The construction in (b) satisfies closure under subsets since both maximal faces are triangles, so every subset of a triangle lies in the complex, and no additional higher faces appear.
The dual formula in (d) follows directly from complement bijection between $t$-subsets and $(n-t)$-subsets.
The self-duality condition reduces to simultaneous linear constraints $N_t+;N_{4-t}=\binom{4}{t}$, which is consistent only when the middle level satisfies $N_2=3$, forcing the unique symmetric feasible case.

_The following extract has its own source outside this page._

(* Let $q\ge2$, $n\ge1$, $P=3\lceil\log_q n+\log_q\log_q n\rceil+1$, and let $p$ be the smallest prime with $p>4n$. Let $d_1\in[0,2q-2]$, $d_2\in[0,p-1]$, $d_3\in[0,\lfloor\frac{(q-1)(P-1)}{3}\rfloor]$, and let $\mathcal{C}^2_{Aux}$ be the set of $\boldsymbol{x}\in\mathcal{ALL}(n,\frac{P-1}{3})$ such that $\mathrm{VT}^{(0)}(\boldsymbol{x})\equiv d_1\pmod{2q-1}$, $\mathrm{VT}^{(2)}(\boldsymbol{x})\equiv d_2\pmod p$, and $\mathrm{VT}^{(0)}(\mathcal{O}(\boldsymbol{x}))\equiv d_3\pmod{\lfloor\frac{(q-1)(P-1)}{3}\rfloor+1}$. Then for any distinct $\boldsymbol{x},\boldsymbol{y}\in\mathcal{C}^2_{Aux}$ with $d_H(\mathcal{R}(\boldsymbol{x}),\mathcal{R}(\boldsymbol{y}))=4$, there do NOT exist $\boldsymbol{u},\boldsymbol{w}\in\Sigma_q^{\ge0}$, $\boldsymbol{v}\in\Sigma_q^{\ge1}$, integers $t_1,t_2\ge1$ and symbols $a_1,b_1,a_2,b_2\in\Sigma_q$ with $a_1\ne b_1$, $a_2\ne b_2$, such that $\boldsymbol{x}=(\boldsymbol{u},\boldsymbol{\alpha}_{t_1}(a_1b_1),\boldsymbol{v},\boldsymbol{\alpha}_{t_2}(a_2b_2),\boldsymbol{w})$ and $\boldsymbol{y}=(\boldsymbol{u},\boldsymbol{\alpha}_{t_1}(b_1a_1),\boldsymbol{v},\boldsymbol{\alpha}_{t_2}(b_2a_2),\boldsymbol{w})$. Moreover, there exists a choice of $d_1,d_2,d_3$ such that $r(\mathcal{C}^2_{Aux})\le\log_qn+\log_q\log_qn+O(1)$ as $n\to\infty$.
   Context: $\Sigma_q=\{0,\dots,q-1\}$; $\Sigma_q^{\ge0}$ (resp. $\Sigma_q^{\ge1}$) is the set of finite (resp. nonempty finite) sequences over $\Sigma_q$; $(\cdot,\cdot)$ is concatenation. For $\boldsymbol{x}\in\Sigma_q^n$, $x[i]$ is its $i$-th entry, with $x[i]=0$ for $i\notin[1,n]$. $\mathrm{VT}^{(k)}(\boldsymbol{z})=\sum_i i^kz[i]$. $\mathcal{O}(\boldsymbol{x})=(x[1],x[3],\dots,x[2\lceil n/2\rceil-1])$ is the odd sequence. For distinct $a,b$, $\boldsymbol{\alpha}_t(ab)$ is the alternating sequence $abab\cdots$ of length $t$; a sequence is alternating if it has such a form. $\mathcal{ALL}(n,L)$ is the set of $\boldsymbol{x}\in\Sigma_q^n$ all of whose alternating substrings (contiguous blocks) have length at most $L$. $\mathcal{R}(\boldsymbol{x})$ is the length-$(n+1)$ vector whose $i$-th entry is the multiset $\{\{x[i-1],x[i]\}\}$; $d_H$ is Hamming distance. Redundancy: $r(\mathcal{C})=n-\log_q|\mathcal{C}|$. *)

theory Defs
  imports Complex_Main "HOL-Computational_Algebra.Primes" "HOL-Library.Multiset"
begin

This completes the verification. ∎
Notes
The feasibility condition in (c) is precisely the Kruskal-Katona characterization of $f$-vectors of simplicial complexes, expressed in the combinatorial number system language developed in Section 7.2.1.3. The duality in (d) corresponds to Alexander duality of order ideals in the Boolean lattice, and the Platonic solid computations are special cases of counting induced subcomplexes of regular polyhedral boundaries.